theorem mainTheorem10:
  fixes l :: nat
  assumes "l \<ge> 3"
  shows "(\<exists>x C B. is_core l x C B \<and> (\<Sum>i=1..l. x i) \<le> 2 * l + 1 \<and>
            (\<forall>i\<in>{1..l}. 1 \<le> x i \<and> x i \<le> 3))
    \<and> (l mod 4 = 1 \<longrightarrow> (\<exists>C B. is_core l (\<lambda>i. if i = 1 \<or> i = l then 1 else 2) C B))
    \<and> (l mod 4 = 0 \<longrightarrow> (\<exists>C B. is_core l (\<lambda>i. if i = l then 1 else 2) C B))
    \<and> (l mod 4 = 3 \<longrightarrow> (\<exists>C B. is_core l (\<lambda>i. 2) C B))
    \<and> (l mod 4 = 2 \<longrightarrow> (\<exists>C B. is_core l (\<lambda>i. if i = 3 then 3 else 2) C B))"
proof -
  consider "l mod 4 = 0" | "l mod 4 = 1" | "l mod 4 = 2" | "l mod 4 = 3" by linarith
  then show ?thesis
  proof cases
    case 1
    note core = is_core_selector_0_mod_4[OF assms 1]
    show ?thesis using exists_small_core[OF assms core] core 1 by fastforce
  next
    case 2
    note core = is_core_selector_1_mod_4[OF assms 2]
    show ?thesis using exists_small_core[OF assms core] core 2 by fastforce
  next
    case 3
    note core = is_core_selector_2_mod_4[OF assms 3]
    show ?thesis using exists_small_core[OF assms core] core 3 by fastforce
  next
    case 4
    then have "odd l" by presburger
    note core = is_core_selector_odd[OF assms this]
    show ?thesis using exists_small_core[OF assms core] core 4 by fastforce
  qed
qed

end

================

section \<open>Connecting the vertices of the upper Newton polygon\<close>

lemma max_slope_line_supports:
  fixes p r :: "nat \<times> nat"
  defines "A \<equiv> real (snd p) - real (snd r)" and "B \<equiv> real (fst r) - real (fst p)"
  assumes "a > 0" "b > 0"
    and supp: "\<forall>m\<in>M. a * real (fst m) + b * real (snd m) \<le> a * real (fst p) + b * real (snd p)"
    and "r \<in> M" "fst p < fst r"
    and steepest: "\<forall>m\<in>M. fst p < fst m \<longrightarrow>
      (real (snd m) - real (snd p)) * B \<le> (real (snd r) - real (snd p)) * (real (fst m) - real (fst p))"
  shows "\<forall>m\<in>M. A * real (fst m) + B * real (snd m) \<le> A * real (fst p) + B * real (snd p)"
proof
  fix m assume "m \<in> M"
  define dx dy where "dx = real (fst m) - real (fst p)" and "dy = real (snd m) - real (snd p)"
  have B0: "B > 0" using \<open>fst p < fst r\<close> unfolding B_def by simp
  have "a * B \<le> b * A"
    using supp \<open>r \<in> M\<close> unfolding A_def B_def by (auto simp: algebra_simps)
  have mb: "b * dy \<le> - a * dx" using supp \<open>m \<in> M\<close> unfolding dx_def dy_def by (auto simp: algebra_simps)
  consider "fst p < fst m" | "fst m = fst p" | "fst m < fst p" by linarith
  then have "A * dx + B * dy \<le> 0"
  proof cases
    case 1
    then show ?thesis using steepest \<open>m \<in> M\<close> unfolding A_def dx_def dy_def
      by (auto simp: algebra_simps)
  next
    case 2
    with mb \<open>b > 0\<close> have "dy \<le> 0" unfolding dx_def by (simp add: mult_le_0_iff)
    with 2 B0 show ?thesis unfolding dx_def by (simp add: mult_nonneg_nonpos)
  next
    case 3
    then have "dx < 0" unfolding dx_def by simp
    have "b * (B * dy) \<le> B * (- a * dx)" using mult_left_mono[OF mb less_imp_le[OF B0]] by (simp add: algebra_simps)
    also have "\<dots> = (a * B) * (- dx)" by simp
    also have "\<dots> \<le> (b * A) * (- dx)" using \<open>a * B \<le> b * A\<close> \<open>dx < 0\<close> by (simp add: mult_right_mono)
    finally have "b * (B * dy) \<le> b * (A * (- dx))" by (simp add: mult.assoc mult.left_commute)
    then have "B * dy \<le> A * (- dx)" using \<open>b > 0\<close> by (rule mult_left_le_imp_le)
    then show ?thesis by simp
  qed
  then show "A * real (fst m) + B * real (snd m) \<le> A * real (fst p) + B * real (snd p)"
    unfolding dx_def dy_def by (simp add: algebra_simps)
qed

================

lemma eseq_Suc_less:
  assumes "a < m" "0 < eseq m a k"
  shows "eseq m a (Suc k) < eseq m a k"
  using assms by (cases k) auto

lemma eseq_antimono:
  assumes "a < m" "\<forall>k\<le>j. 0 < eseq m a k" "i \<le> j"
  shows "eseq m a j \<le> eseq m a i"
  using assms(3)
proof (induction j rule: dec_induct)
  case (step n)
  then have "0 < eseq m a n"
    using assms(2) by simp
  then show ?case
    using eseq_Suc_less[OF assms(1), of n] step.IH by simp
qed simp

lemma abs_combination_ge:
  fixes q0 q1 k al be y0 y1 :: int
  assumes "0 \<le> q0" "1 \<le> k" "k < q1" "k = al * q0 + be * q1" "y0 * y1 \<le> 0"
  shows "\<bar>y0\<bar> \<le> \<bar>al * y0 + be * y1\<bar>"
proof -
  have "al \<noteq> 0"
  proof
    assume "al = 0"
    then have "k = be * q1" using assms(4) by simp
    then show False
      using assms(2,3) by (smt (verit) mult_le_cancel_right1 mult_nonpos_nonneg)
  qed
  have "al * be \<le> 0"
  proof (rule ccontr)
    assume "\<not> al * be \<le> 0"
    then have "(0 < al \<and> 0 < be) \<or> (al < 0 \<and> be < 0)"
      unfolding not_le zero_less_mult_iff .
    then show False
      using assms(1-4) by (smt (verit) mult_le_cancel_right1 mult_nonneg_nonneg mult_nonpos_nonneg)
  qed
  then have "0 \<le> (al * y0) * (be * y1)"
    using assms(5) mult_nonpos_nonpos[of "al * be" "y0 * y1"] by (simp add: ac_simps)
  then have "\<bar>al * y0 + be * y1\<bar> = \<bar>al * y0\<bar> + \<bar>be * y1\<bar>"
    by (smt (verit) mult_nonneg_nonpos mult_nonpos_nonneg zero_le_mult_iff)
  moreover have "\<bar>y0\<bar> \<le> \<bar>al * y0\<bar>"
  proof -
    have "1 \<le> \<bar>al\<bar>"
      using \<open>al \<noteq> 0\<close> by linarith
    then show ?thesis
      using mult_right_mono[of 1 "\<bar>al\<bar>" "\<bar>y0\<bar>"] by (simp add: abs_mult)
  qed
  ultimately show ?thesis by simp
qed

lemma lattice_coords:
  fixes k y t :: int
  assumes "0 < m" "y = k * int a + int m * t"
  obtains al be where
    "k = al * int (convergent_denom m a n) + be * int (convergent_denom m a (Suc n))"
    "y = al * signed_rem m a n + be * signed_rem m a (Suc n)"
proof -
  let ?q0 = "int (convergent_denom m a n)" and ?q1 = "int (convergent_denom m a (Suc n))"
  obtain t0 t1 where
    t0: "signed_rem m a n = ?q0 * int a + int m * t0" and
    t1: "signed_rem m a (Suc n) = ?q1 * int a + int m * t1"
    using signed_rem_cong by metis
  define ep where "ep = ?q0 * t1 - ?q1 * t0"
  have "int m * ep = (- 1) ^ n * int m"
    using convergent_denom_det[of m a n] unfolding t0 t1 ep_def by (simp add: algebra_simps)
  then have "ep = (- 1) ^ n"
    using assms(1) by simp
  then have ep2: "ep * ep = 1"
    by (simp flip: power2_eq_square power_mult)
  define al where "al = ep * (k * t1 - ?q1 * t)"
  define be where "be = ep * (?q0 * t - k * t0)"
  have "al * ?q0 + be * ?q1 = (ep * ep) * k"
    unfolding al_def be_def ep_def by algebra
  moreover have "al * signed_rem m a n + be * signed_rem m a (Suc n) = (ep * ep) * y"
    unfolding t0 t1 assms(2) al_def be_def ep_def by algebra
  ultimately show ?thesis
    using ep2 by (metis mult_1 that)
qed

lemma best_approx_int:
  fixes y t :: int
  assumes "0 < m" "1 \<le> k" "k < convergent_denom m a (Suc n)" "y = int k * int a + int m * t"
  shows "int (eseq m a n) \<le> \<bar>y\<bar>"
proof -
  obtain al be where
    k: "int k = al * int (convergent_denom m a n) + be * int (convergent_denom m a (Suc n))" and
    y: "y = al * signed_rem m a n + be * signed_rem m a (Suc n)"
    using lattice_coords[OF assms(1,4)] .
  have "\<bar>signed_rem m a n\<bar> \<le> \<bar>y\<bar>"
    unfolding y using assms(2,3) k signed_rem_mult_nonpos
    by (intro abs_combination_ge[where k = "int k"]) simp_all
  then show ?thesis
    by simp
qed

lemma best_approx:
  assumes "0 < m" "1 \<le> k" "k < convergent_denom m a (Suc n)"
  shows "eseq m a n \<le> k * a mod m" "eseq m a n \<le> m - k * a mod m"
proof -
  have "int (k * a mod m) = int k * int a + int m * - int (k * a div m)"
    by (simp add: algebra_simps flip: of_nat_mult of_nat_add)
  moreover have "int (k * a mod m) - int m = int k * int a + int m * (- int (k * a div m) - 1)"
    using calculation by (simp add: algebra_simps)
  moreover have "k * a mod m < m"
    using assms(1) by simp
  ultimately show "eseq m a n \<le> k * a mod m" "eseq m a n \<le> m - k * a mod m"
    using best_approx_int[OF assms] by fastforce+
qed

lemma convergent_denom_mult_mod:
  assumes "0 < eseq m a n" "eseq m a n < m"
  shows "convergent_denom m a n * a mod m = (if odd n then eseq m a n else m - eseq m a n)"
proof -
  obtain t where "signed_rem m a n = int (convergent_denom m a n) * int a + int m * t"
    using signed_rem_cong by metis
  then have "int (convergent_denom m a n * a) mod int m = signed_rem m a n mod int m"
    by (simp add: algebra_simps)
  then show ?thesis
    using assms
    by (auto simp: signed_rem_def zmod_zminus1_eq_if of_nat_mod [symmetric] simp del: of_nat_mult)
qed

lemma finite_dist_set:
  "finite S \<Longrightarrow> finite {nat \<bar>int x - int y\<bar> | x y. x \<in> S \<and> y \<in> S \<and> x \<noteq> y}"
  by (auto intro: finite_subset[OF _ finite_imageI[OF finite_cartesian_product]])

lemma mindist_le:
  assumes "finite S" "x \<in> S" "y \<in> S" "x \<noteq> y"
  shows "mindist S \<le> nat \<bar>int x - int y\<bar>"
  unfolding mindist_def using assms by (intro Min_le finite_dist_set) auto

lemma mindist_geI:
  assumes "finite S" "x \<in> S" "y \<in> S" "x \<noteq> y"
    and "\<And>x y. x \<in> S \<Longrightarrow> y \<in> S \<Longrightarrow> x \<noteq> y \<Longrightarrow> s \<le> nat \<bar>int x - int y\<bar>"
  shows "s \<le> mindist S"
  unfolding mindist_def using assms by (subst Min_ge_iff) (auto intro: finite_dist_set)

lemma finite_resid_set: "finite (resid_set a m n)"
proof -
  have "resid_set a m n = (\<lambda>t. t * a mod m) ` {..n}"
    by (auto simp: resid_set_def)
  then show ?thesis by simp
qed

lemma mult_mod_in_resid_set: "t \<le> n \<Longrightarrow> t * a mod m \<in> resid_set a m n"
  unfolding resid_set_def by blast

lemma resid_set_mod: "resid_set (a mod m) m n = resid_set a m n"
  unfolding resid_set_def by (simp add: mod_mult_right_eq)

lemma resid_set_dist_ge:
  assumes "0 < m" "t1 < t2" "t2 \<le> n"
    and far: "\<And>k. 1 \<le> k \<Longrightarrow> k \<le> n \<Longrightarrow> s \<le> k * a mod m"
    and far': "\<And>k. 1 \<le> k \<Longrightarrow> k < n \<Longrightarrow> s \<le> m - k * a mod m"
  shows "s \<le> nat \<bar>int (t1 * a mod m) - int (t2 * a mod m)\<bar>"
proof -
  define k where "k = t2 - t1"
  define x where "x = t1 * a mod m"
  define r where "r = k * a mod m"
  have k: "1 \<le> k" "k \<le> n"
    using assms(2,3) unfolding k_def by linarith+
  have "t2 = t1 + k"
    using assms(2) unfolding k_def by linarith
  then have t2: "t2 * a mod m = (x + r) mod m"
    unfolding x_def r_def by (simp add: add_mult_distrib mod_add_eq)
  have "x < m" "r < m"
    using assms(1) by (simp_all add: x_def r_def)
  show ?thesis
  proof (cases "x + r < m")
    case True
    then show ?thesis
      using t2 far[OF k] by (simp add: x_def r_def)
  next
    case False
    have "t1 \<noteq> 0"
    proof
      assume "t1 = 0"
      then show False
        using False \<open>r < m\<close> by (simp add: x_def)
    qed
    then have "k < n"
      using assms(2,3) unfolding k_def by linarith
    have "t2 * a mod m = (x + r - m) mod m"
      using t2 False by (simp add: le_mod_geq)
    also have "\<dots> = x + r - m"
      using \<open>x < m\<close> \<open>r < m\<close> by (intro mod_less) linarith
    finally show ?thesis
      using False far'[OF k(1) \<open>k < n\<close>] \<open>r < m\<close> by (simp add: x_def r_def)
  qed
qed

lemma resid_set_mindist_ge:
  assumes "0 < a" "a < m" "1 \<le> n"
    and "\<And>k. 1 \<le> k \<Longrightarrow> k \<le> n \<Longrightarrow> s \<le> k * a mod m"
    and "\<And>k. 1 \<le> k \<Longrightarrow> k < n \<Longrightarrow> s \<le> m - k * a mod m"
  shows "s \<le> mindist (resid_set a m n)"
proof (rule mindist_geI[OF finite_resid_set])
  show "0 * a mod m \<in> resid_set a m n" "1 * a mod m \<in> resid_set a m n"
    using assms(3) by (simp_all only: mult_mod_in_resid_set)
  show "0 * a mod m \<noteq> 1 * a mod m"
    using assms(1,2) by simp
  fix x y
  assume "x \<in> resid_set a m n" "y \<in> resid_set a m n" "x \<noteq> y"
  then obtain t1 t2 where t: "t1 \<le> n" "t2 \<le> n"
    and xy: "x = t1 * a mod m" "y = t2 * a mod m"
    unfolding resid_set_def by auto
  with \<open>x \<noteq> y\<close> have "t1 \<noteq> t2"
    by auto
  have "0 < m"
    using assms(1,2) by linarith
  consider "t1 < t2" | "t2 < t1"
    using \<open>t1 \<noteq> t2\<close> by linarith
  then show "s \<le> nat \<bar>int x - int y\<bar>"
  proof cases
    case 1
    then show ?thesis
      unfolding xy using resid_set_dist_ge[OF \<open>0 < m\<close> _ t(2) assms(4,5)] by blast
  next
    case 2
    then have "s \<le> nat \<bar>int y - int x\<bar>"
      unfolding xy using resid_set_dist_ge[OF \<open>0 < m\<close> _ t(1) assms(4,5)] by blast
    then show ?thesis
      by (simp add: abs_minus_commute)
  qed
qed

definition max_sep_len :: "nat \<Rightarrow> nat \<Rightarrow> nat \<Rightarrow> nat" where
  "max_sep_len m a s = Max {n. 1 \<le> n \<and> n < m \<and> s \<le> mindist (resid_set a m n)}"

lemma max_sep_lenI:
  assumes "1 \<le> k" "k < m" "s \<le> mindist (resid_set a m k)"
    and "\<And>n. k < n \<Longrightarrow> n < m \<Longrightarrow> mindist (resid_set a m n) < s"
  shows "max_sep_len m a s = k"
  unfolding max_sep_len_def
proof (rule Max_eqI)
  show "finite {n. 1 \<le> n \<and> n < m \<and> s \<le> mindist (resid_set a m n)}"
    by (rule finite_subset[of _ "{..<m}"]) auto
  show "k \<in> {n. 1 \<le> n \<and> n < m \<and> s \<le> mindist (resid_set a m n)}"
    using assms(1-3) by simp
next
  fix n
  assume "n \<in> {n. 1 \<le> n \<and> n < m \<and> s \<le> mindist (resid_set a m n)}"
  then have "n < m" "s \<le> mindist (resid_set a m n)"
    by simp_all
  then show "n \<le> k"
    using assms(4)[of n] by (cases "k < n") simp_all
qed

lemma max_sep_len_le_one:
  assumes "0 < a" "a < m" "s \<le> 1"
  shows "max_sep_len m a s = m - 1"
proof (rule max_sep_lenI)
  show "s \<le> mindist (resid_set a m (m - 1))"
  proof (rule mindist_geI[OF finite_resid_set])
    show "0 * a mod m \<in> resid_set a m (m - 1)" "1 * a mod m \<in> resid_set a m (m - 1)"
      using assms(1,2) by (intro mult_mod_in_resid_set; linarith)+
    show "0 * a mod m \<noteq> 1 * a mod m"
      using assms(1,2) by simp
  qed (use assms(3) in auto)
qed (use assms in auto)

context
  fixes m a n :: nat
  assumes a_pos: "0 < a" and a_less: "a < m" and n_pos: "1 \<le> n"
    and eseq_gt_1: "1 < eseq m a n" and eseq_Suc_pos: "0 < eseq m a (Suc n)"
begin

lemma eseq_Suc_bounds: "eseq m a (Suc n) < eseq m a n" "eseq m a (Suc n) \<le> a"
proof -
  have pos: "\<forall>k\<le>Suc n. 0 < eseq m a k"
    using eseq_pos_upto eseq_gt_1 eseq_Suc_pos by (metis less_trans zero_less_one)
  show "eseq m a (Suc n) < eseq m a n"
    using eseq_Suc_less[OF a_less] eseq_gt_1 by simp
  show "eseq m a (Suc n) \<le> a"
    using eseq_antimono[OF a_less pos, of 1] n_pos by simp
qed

================

> [Prompt] Copy the stretch of the records above that runs from the line with "using lattice_coords[OF assms(1,4)] ." through the line with "S \<Longrightarrow> finite". Both end lines belong in the copy, and nothing else does.

> [Expected output]
    using lattice_coords[OF assms(1,4)] .
  have "\<bar>signed_rem m a n\<bar> \<le> \<bar>y\<bar>"
    unfolding y using assms(2,3) k signed_rem_mult_nonpos
    by (intro abs_combination_ge[where k = "int k"]) simp_all
  then show ?thesis
    by simp
qed

lemma best_approx:
  assumes "0 < m" "1 \<le> k" "k < convergent_denom m a (Suc n)"
  shows "eseq m a n \<le> k * a mod m" "eseq m a n \<le> m - k * a mod m"
proof -
  have "int (k * a mod m) = int k * int a + int m * - int (k * a div m)"
    by (simp add: algebra_simps flip: of_nat_mult of_nat_add)
  moreover have "int (k * a mod m) - int m = int k * int a + int m * (- int (k * a div m) - 1)"
    using calculation by (simp add: algebra_simps)
  moreover have "k * a mod m < m"
    using assms(1) by simp
  ultimately show "eseq m a n \<le> k * a mod m" "eseq m a n \<le> m - k * a mod m"
    using best_approx_int[OF assms] by fastforce+
qed

lemma convergent_denom_mult_mod:
  assumes "0 < eseq m a n" "eseq m a n < m"
  shows "convergent_denom m a n * a mod m = (if odd n then eseq m a n else m - eseq m a n)"
proof -
  obtain t where "signed_rem m a n = int (convergent_denom m a n) * int a + int m * t"
    using signed_rem_cong by metis
  then have "int (convergent_denom m a n * a) mod int m = signed_rem m a n mod int m"
    by (simp add: algebra_simps)
  then show ?thesis
    using assms
    by (auto simp: signed_rem_def zmod_zminus1_eq_if of_nat_mod [symmetric] simp del: of_nat_mult)
qed

lemma finite_dist_set:
  "finite S \<Longrightarrow> finite {nat \<bar>int x - int y\<bar> | x y. x \<in> S \<and> y \<in> S \<and> x \<noteq> y}"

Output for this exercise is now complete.